Pregnancy was not easy for me. I suffered only one loss, and granted others have had it worse, but it was my first pregnancy. That loss occurred in February 2022, just before Valentine’s Day. I went to the ER and found out I was having a chemical miscarriage, 1 week after. I was 6 weeks along. It still hurts to this day. Afterwards, we were told I likely wouldn’t be able to have kids, but my partner and I would’ve never been able to afford fertility treatments. My rainbow baby, who is a year old now, was a complete surprise, and was conceived only 8 months post loss.
The process and experience of being pregnant was not easy either. I had extreme hyperemesis gravidarum, and spent most of my first trimester and half of my second in and out of the local ER for treatment, with one hospitalization due to being so chronically sick. I have 1 doctor to thank for pushing for it, because that hospitalization saved myself and my baby. My heart issues got worse, and my hyperemesis resisted until 27-28 weeks, and it suddenly stopped. I was okay from that point forward.
As far as I know, my one and only loss happened due to a chemical miscarriage, but I was on some pretty heavy antidepressants at the time, and we have no clue if those played into it. I keep wondering still, as I was only 6 weeks.
My rainbow baby girl is the light of my life, along with my supportive partner, and her name is Jasmine. Her middle name is Margaret, which was the first name of my now late grandmother who passed from stage 4 pancreatic cancer when I was 3 weeks postpartum. It’s our way of keeping her memory alive.
As for loss experience and birth experience, my loss was traumatic. I started having such bad pain while still in the ER bed and started bleeding once I was home. It lasted for 3 weeks after, and I felt so guilty, like it was my fault it happened. Fast forward 16 months, and my daughter was born. We made the decision to attempt to induce labor at 39 weeks due to health issues on my end and a fetal diagnosis of microcephaly. The attempted induction went on for almost 3 days, and my body was tired, my daughter’s heart rate decelerating, and my doctor came into the room. We decided the best way at that point was to go through with an emergency C-section. Within an hour, I was prepped and a half hour after that, my daughter was born. I couldn’t see her right away as she needed CPAP therapy at birth, and was wheeled to the nursery at 20 minutes of life.
For my loss, there was no keepsakes, as I was too early, and I hadn’t established prenatal care yet. My rainbow, we came home with a certificate with her tiny footprints on it, plus the door decorations and a seasonal printout with her footprints on that as well.

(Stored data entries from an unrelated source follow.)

lemma less_threshold_ratioD:
  fixes x C :: real and J :: "nat set"
  assumes "0 < x" "0 \<le> C" "ennreal C < threshold_ratio J x"
  shows "C * (exp x - 1 - (\<Sum>n. if n \<in> J then x ^ n / fact n else 0)) < (exp (x / 2) - 1)^2"
proof -
  define D where "D = exp x - 1 - (\<Sum>n. if n \<in> J then x ^ n / fact n else 0)"
  show ?thesis
  proof (fold D_def, cases "D = 0")
    case True
    then show "C * D < (exp (x / 2) - 1)^2"
      using \<open>0 < x\<close> by simp
  next
    case False
    then have less: "C < (exp (x / 2) - 1)^2 / D"
      using assms(2,3) by (simp add: threshold_ratio_def D_def ennreal_less_iff)
    have "0 < D"
    proof (rule ccontr)
      assume "\<not> 0 < D"
      then have "(exp (x / 2) - 1)^2 / D \<le> 0"
        by (simp add: divide_nonneg_nonpos)
      with less \<open>0 \<le> C\<close> show False
        by simp
    qed
    with less show "C * D < (exp (x / 2) - 1)^2"
      by (simp add: pos_less_divide_eq)
  qed
qed

lemma threshold_ratio_truncation:
  fixes x C :: real and J :: "nat set"
  assumes "0 < x" "0 \<le> C" "ennreal C < threshold_ratio J x" "0 \<notin> J"
  obtains K where "finite K" "0 \<in> K" "K - {0} \<subseteq> J"
    and "C * (exp x - (\<Sum>n\<in>K. x ^ n / fact n)) < (exp (x / 2) - 1)^2"
proof -
  define a where "a = (\<lambda>n. if n \<in> J then x ^ n / fact n else 0)"
  have "summable a"
    by (rule summable_comparison_test[OF _ summable_exp[of x]])
       (use \<open>0 < x\<close> in \<open>auto simp: a_def divide_inverse mult.commute\<close>)
  then have "(\<lambda>N. C * (exp x - 1 - (\<Sum>n<N. a n))) \<longlonglongrightarrow> C * (exp x - 1 - suminf a)"
    by (intro tendsto_intros summable_LIMSEQ)
  then have "eventually (\<lambda>N. C * (exp x - 1 - (\<Sum>n<N. a n)) < (exp (x / 2) - 1)^2) sequentially"
    using less_threshold_ratioD[OF assms(1-3)] by (intro order_tendstoD) (simp_all add: a_def)
  then obtain N where N: "C * (exp x - 1 - (\<Sum>n<N. a n)) < (exp (x / 2) - 1)^2"
    by (auto simp: eventually_sequentially)
  show ?thesis
  proof (rule that[of "insert 0 (J \<inter> {..<N})"])
    have "(\<Sum>n<N. a n) = (\<Sum>n\<in>J \<inter> {..<N}. x ^ n / fact n)"
      by (simp add: a_def sum.If_cases Int_commute)
    with N \<open>0 \<notin> J\<close>
    show "C * (exp x - (\<Sum>n\<in>insert 0 (J \<inter> {..<N}). x ^ n / fact n)) < (exp (x / 2) - 1)^2"
      by (simp add: diff_diff_eq)
  qed auto
qed

theorem theorem9:
  fixes M :: "'a measure" and Y :: "'a \<Rightarrow> real" and p :: "real \<Rightarrow> real"
    and J :: "nat set"
  assumes "prob_space M"
    and "p \<in> borel_measurable borel" and "\<And>x. p x \<ge> 0"
    and "distributed M lborel Y (\<lambda>x. ennreal (p x))"
    and "chi2_density p < \<infinity>"
    and "0 \<notin> J"
    and "\<And>n. n \<in> J \<Longrightarrow> prob_space.expectation M (\<lambda>\<omega>. hermite n (Y \<omega>)) = 0"
    and "chi2_density p < (INF x\<in>{0<..}. threshold_ratio J x)"
  shows "\<forall>t::real. t \<noteq> 0 \<longrightarrow> (\<integral>\<^sup>+ \<omega>. ennreal (exp (t * Y \<omega>)) \<partial>M) < ennreal (exp (t^2))"
proof (intro allI impI)
  fix t :: real
  assume "t \<noteq> 0"
  interpret prob_space M by fact
  define C where "C = (\<integral>y. (p y / \<phi> y - 1)^2 * \<phi> y \<partial>lborel)"
  have chi2: "integrable lborel (\<lambda>y. (p y / \<phi> y - 1)^2 * \<phi> y)" "chi2_density p = ennreal C"
    using chi2_density_finite[OF assms(2,5)] by (simp_all add: C_def)
  have "(INF x\<in>{0<..}. threshold_ratio J x) \<le> threshold_ratio J (t^2)"
    using \<open>t \<noteq> 0\<close> by (intro INF_lower) simp
  with assms(8) chi2(2) have threshold: "ennreal C < threshold_ratio J (t^2)"
    by simp
  have "0 < t^2" "0 \<le> C"
    using \<open>t \<noteq> 0\<close> by (simp_all add: C_def integral_nonneg_AE)
  then obtain K where K: "finite K" "0 \<in> K" "K - {0} \<subseteq> J"
    and small: "C * (exp (t^2) - (\<Sum>n\<in>K. (t^2) ^ n / fact n)) < (exp (t^2 / 2) - 1)^2"
    using threshold assms(6) by (rule threshold_ratio_truncation)
  have "(\<integral>y. poly (hermite_poly n) y * p y \<partial>lborel) = (if n = 0 then 1 else 0)" if "n \<in> K" for n
  proof -
    have "(\<integral>y. poly (hermite_poly n) y * p y \<partial>lborel) = expectation (\<lambda>\<omega>. hermite n (Y \<omega>))"
      using distributed_integral[OF assms(4), of "poly (hermite_poly n)"] assms(3)
      by (simp add: hermite_eq_poly mult.commute)
    with that K(3) assms(7) show ?thesis
      by (auto simp: hermite_eq_poly prob_space)
  qed
  note exp_moment = exp_moment_lt_of_chi2[OF assms(2) chi2(1) K(1,2) this small[unfolded C_def]]
  have "(\<integral>\<^sup>+ \<omega>. ennreal (exp (t * Y \<omega>)) \<partial>M) = ennreal (\<integral>y. exp (t * y) * p y \<partial>lborel)"
    using assms(3,4) exp_moment(1) by (intro nn_integral_distributed_eq_integral) auto
  with exp_moment(2) assms(3) show "(\<integral>\<^sup>+ \<omega>. ennreal (exp (t * Y \<omega>)) \<partial>M) < ennreal (exp (t^2))"
    by (simp add: ennreal_less_iff integral_nonneg_AE)
qed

The hospital system where I was at wasn’t very supportive either and laughed me out of the ER as I began to officially miscarry. They told me to suck it up and go home and suffer.

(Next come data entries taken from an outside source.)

(* Let $a\geq 1$ and $b\geq 2$ be integers. For Lebesgue-almost every $x\in cA$ there exists $k\geq 0$ such that $T_{a,b}^k(x)\in\Theta$.
   Context: For $n\geq 1$ let $\Lambda^n=\{x\in\mathbb{R}^n : 0\leq x_1\leq\cdots\leq x_n\}$. For integers $a,b\geq 1$ the map $T_{a,b}:\Lambda^{a+b}\to\Lambda^{a+b}$ sends $x$ to the vector obtained by arranging $x_1,\ldots,x_a,\,x_{a+1}-x_a,\ldots,x_{a+b}-x_a$ in nondecreasing order. Let $\sigma(x)=x_1+\cdots+x_{a+b}$, $cA=\{x\in\Lambda^{a+b}: \sigma(x)>b\,x_{a+b}\}$ and $\Theta=\{x\in cA : 2x_a\geq x_{a+b}\}$. *)

theory Defs
  imports "HOL-Analysis.Analysis"
begin

text \<open>Vectors of R^n are represented as functions nat => real, extensional on
  {..<n}; coordinate x_i of the paper (1-indexed) is x (i-1) here.\<close>

definition Lam :: "nat \<Rightarrow> (nat \<Rightarrow> real) set" where
  "Lam n = {x \<in> extensional {..<n}. (0 < n \<longrightarrow> 0 \<le> x 0) \<and>
                  (\<forall>i. Suc i < n \<longrightarrow> x i \<le> x (Suc i))}"

definition Tab :: "nat \<Rightarrow> nat \<Rightarrow> (nat \<Rightarrow> real) \<Rightarrow> (nat \<Rightarrow> real)" where
  "Tab a b x = (let L = sort (map x [0..<a] @ map (\<lambda>i. x i - x (a - 1)) [a..<a+b])
                in restrict (\<lambda>i. L ! i) {..<a+b})"

definition sig :: "nat \<Rightarrow> (nat \<Rightarrow> real) \<Rightarrow> real" where
  "sig n x = (\<Sum>i<n. x i)"

definition cA :: "nat \<Rightarrow> nat \<Rightarrow> (nat \<Rightarrow> real) set" where
  "cA a b = {x \<in> Lam (a+b). sig (a+b) x > real b * x (a+b-1)}"

definition Theta :: "nat \<Rightarrow> nat \<Rightarrow> (nat \<Rightarrow> real) set" where
  "Theta a b = {x \<in> cA a b. 2 * x (a-1) \<ge> x (a+b-1)}"

end

theory Submission
  imports Defs
begin

text \<open>The proof shows more: the conclusion holds for every point of cA, not only almost every one.
  Put e(x) = \<sigma>(x) - b x_{a+b}, so cA = {e > 0}. Outside \<Theta> we have x_a < x_{a+b} - x_a, so the
  largest coordinate of T(x) is at most x_{a+b} - x_a; hence e does not decrease along T, while
  \<sigma>(T x) = \<sigma>(x) - b x_a and e(x) \<le> a x_a. An orbit that stays outside \<Theta> would therefore lose
  at least b e(x)/a of its nonnegative coordinate sum at every step.\<close>

lemma Lam_mono:
  assumes "x \<in> Lam n" "i \<le> j" "j < n"
  shows "x i \<le> x j"
  using assms(2,3)
proof (induction j)
  case (Suc j)
  show ?case
  proof (cases "i = Suc j")
    case False
    then have "x i \<le> x j" using Suc by simp
    also have "x j \<le> x (Suc j)" using assms(1) Suc.prems by (simp add: Lam_def)
    finally show ?thesis .
  qed simp
qed simp

lemma Lam_nonneg:
  assumes "x \<in> Lam n" "i < n"
  shows "0 \<le> x i"
proof -
  have "0 \<le> x 0" using assms by (simp add: Lam_def)
  also have "x 0 \<le> x i" using Lam_mono[OF assms(1), of 0 i] assms by simp
  finally show ?thesis .
qed

lemma sig_nonneg: "x \<in> Lam n \<Longrightarrow> 0 \<le> sig n x"
  unfolding sig_def by (rule sum_nonneg) (auto intro: Lam_nonneg)

lemma sig_add: "sig (a+b) x = (\<Sum>i<a. x i) + (\<Sum>i\<in>{a..<a+b}. x i)"
  unfolding sig_def by (metis atLeast0LessThan sum.atLeastLessThan_concat le_add1 zero_le)

definition Tab_list :: "nat \<Rightarrow> nat \<Rightarrow> (nat \<Rightarrow> real) \<Rightarrow> real list" where
  "Tab_list a b x = sort (map x [0..<a] @ map (\<lambda>i. x i - x (a - 1)) [a..<a+b])"

lemma length_Tab_list: "length (Tab_list a b x) = a + b"
  by (simp add: Tab_list_def)

lemma sorted_Tab_list: "sorted (Tab_list a b x)"
  by (simp add: Tab_list_def)

lemma set_Tab_list:
  "set (Tab_list a b x) = x ` {0..<a} \<union> (\<lambda>i. x i - x (a - 1)) ` {a..<a+b}"
  by (simp add: Tab_list_def)

lemma Tab_eq_nth: "i < a + b \<Longrightarrow> Tab a b x i = Tab_list a b x ! i"
  by (simp add: Tab_def Tab_list_def)

lemma Tab_in_Lam:
  assumes "a \<ge> 1" "x \<in> Lam (a+b)"
  shows "Tab a b x \<in> Lam (a+b)"
proof -
  let ?L = "Tab_list a b x"
  have "Tab a b x \<in> extensional {..<a+b}"
    by (simp add: Tab_def Let_def)
  moreover have "Tab a b x i \<le> Tab a b x (Suc i)" if "Suc i < a + b" for i
    using that sorted_nth_mono[OF sorted_Tab_list, of i "Suc i"]
    by (simp add: Tab_eq_nth length_Tab_list)
  moreover have "?L ! 0 \<in> set ?L"
    using assms(1) by (simp add: nth_mem length_Tab_list)
  then have "0 \<le> ?L ! 0"
    unfolding set_Tab_list using Lam_nonneg[OF assms(2)] Lam_mono[OF assms(2)] assms(1)
    by force
  ultimately show ?thesis
    using assms(1) by (simp add: Lam_def Tab_eq_nth)
qed

lemma sig_Tab: "sig (a+b) (Tab a b x) = sig (a+b) x - real b * x (a - 1)"
proof -
  let ?L = "Tab_list a b x"
  have "sig (a+b) (Tab a b x) = (\<Sum>i<a+b. ?L ! i)"
    unfolding sig_def by (rule sum.cong) (auto simp: Tab_eq_nth)
  also have "\<dots> = sum_list ?L"
    by (simp add: sum_list_sum_nth atLeast0LessThan length_Tab_list)
  also have "\<dots> = sum_list (map x [0..<a]) + sum_list (map (\<lambda>i. x i - x (a - 1)) [a..<a+b])"
    unfolding Tab_list_def by (metis mset_sort sum_list_append sum_mset_sum_list)
  also have "\<dots> = (\<Sum>i<a. x i) + (\<Sum>i\<in>{a..<a+b}. x i) - real b * x (a - 1)"
    by (simp add: sum_list_distinct_conv_sum_set atLeast0LessThan sum_subtractf)
  finally show ?thesis by (simp add: sig_add)
qed

lemma Tab_le_top_minus:
  assumes "a \<ge> 1" "x \<in> Lam (a+b)" "x (a - 1) \<le> x (a+b-1) - x (a - 1)" "i < a + b"
  shows "Tab a b x i \<le> x (a+b-1) - x (a - 1)"
proof -
  let ?L = "Tab_list a b x"
  have "?L ! i \<in> set ?L" using assms(4) by (simp add: nth_mem length_Tab_list)
  then obtain j where "j < a \<and> ?L ! i = x j \<or> a \<le> j \<and> j < a + b \<and> ?L ! i = x j - x (a - 1)"
    unfolding set_Tab_list by fastforce
  then have "?L ! i \<le> x (a+b-1) - x (a - 1)"
  proof
    assume j: "j < a \<and> ?L ! i = x j"
    then have "x j \<le> x (a - 1)" using assms(1) by (intro Lam_mono[OF assms(2)]) auto
    then show ?thesis using j assms(3) by linarith
  next
    assume j: "a \<le> j \<and> j < a + b \<and> ?L ! i = x j - x (a - 1)"
    then have "x j \<le> x (a+b-1)" by (intro Lam_mono[OF assms(2)]) auto
    then show ?thesis using j by linarith
  qed
  then show ?thesis using assms(4) by (simp add: Tab_eq_nth)
qed

definition excess :: "nat \<Rightarrow> nat \<Rightarrow> (nat \<Rightarrow> real) \<Rightarrow> real" where
  "excess a b x = sig (a+b) x - real b * x (a+b-1)"

lemma cA_iff_excess: "x \<in> cA a b \<longleftrightarrow> x \<in> Lam (a+b) \<and> excess a b x > 0"
  by (simp add: cA_def excess_def)

lemma excess_le:
  assumes "a \<ge> 1" "x \<in> Lam (a+b)"
  shows "excess a b x \<le> real a * x (a - 1)"
proof -
  have "(\<Sum>i<a. x i) \<le> (\<Sum>i<a. x (a - 1))"
    by (rule sum_mono) (use Lam_mono[OF assms(2)] assms(1) in auto)
  moreover have "(\<Sum>i\<in>{a..<a+b}. x i) \<le> (\<Sum>i\<in>{a..<a+b}. x (a+b-1))"
    by (rule sum_mono) (use Lam_mono[OF assms(2)] in auto)
  ultimately show ?thesis by (simp add: excess_def sig_add)
qed

lemma excess_Tab_ge:
  assumes "a \<ge> 1" "x \<in> Lam (a+b)" "2 * x (a - 1) < x (a+b-1)"
  shows "excess a b x \<le> excess a b (Tab a b x)"
proof -
  have "Tab a b x (a+b-1) \<le> x (a+b-1) - x (a - 1)"
    using Tab_le_top_minus[OF assms(1,2), of "a+b-1"] assms by simp
  then have "real b * Tab a b x (a+b-1) \<le> real b * (x (a+b-1) - x (a - 1))"
    by (intro mult_left_mono) auto
  then show ?thesis by (simp add: excess_def sig_Tab algebra_simps)
qed

lemma Tab_step_outside_Theta:
  assumes "a \<ge> 1" "y \<in> cA a b" "y \<notin> Theta a b" "c \<le> excess a b y"
  shows "Tab a b y \<in> cA a b" "c \<le> excess a b (Tab a b y)"
    and "sig (a+b) (Tab a b y) \<le> sig (a+b) y - real b * c / real a"
proof -
  have yL: "y \<in> Lam (a+b)" and "2 * y (a - 1) < y (a+b-1)"
    using assms(2,3) by (auto simp: Theta_def cA_def)
  then have grow: "excess a b y \<le> excess a b (Tab a b y)"
    using excess_Tab_ge[OF assms(1)] by blast
  then show "c \<le> excess a b (Tab a b y)" using assms(4) by simp
  show "Tab a b y \<in> cA a b"
    using grow assms(2) Tab_in_Lam[OF assms(1) yL] by (simp add: cA_iff_excess)
  have "c / real a \<le> y (a - 1)"
    using excess_le[OF assms(1) yL] assms(1,4) by (simp add: field_simps)
  then have "real b * c / real a \<le> real b * y (a - 1)"
    using mult_left_mono[of "c / real a" "y (a - 1)" "real b"] by simp
  then show "sig (a+b) (Tab a b y) \<le> sig (a+b) y - real b * c / real a"
    by (simp add: sig_Tab)
qed

lemma orbit_outside_Theta:
  assumes "a \<ge> 1" "x \<in> cA a b" "\<forall>j<k. (Tab a b ^^ j) x \<notin> Theta a b"
  shows "(Tab a b ^^ k) x \<in> cA a b"
    and "sig (a+b) ((Tab a b ^^ k) x) \<le> sig (a+b) x - real k * (real b * excess a b x / real a)"
proof -
  have "(Tab a b ^^ k) x \<in> cA a b \<and> excess a b x \<le> excess a b ((Tab a b ^^ k) x) \<and>
    sig (a+b) ((Tab a b ^^ k) x) \<le> sig (a+b) x - real k * (real b * excess a b x / real a)"
    using assms(3)
  proof (induction k)
    case (Suc k)
    then have "(Tab a b ^^ k) x \<in> cA a b" "excess a b x \<le> excess a b ((Tab a b ^^ k) x)"
      "sig (a+b) ((Tab a b ^^ k) x) \<le> sig (a+b) x - real k * (real b * excess a b x / real a)"
      "(Tab a b ^^ k) x \<notin> Theta a b"
      by auto
    with Tab_step_outside_Theta[OF assms(1) this(1,4,2)] show ?case
      by (simp add: algebra_simps add_divide_distrib)
  qed (use assms(2) in simp)
  then show "(Tab a b ^^ k) x \<in> cA a b"
    and "sig (a+b) ((Tab a b ^^ k) x) \<le> sig (a+b) x - real k * (real b * excess a b x / real a)"
    by blast+
qed

lemma orbit_reaches_Theta:
  assumes "a \<ge> 1" "b \<ge> 1" "x \<in> cA a b"
  shows "\<exists>k. (Tab a b ^^ k) x \<in> Theta a b"
proof (rule ccontr)
  assume avoid: "\<nexists>k. (Tab a b ^^ k) x \<in> Theta a b"
  define \<delta> where "\<delta> = real b * excess a b x / real a"
  have "\<delta> > 0" using assms by (simp add: \<delta>_def cA_iff_excess)
  then obtain k :: nat where "sig (a+b) x < real k * \<delta>"
    using reals_Archimedean2[of "sig (a+b) x / \<delta>"] by (auto simp: field_simps)
  moreover have "0 \<le> sig (a+b) ((Tab a b ^^ k) x)"
    using orbit_outside_Theta(1)[OF assms(1,3)] avoid by (intro sig_nonneg) (auto simp: cA_def)
  ultimately show False
    using orbit_outside_Theta(2)[OF assms(1,3), of k] avoid by (simp add: \<delta>_def)
qed

theorem lemma5p2:
  fixes a b :: nat
  assumes "a \<ge> 1" and "b \<ge> 2"
  shows "AE x in PiM {..<a+b} (\<lambda>_. lborel).
           x \<in> cA a b \<longrightarrow> (\<exists>k. (Tab a b ^^ k) x \<in> Theta a b)"
  using orbit_reaches_Theta[OF assms(1)] assms(2) by (intro AE_I2) simp

end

As for my family and friends, there was an immediate outpouring of support for both myself and my partner. It was horrible on both of us mentally in the beginning, although it’s getting easier as time goes on. I already struggle with mental health issues and was on meds, so I was feeling bad feelings of depression, anger, and self-hatred. I heavily believed it was purely my fault that I lost my angel, and still do to some degree. I just thought if I wasn’t on those meds that maybe I wouldn’t have miscarried.
We never really planned on trying again after, because we were told that I likely wouldn’t ever be able to have biological children due to PCOS and endometriosis. Imagine our surprise when I got those 2 pink lines on a chilly October morning.
As of yet, we don’t do anything special to remember our angel, but I want to start something soon. I need to take comfort in knowing they’re still there in a way.
For anyone else who’s ever experienced a pregnancy/infant/child loss, it’s going to be rough at first. I know it was for me. You’re going to need support, and you’re going to need time to process and grieve your loss. Most importantly though, it isn’t your fault. Please remember that. I heavily believe our angel helped guide our daughter to us, and I’m sure that that’s happened for others who’ve gone through this. You’re still a parent, even if your only child/ren resulted in loss. Nobody can take away the fact that you created and carried a human being, even if it was a short time. Your rainbow will come with time. From one rainbow/angel mama to another, you’re truly not alone.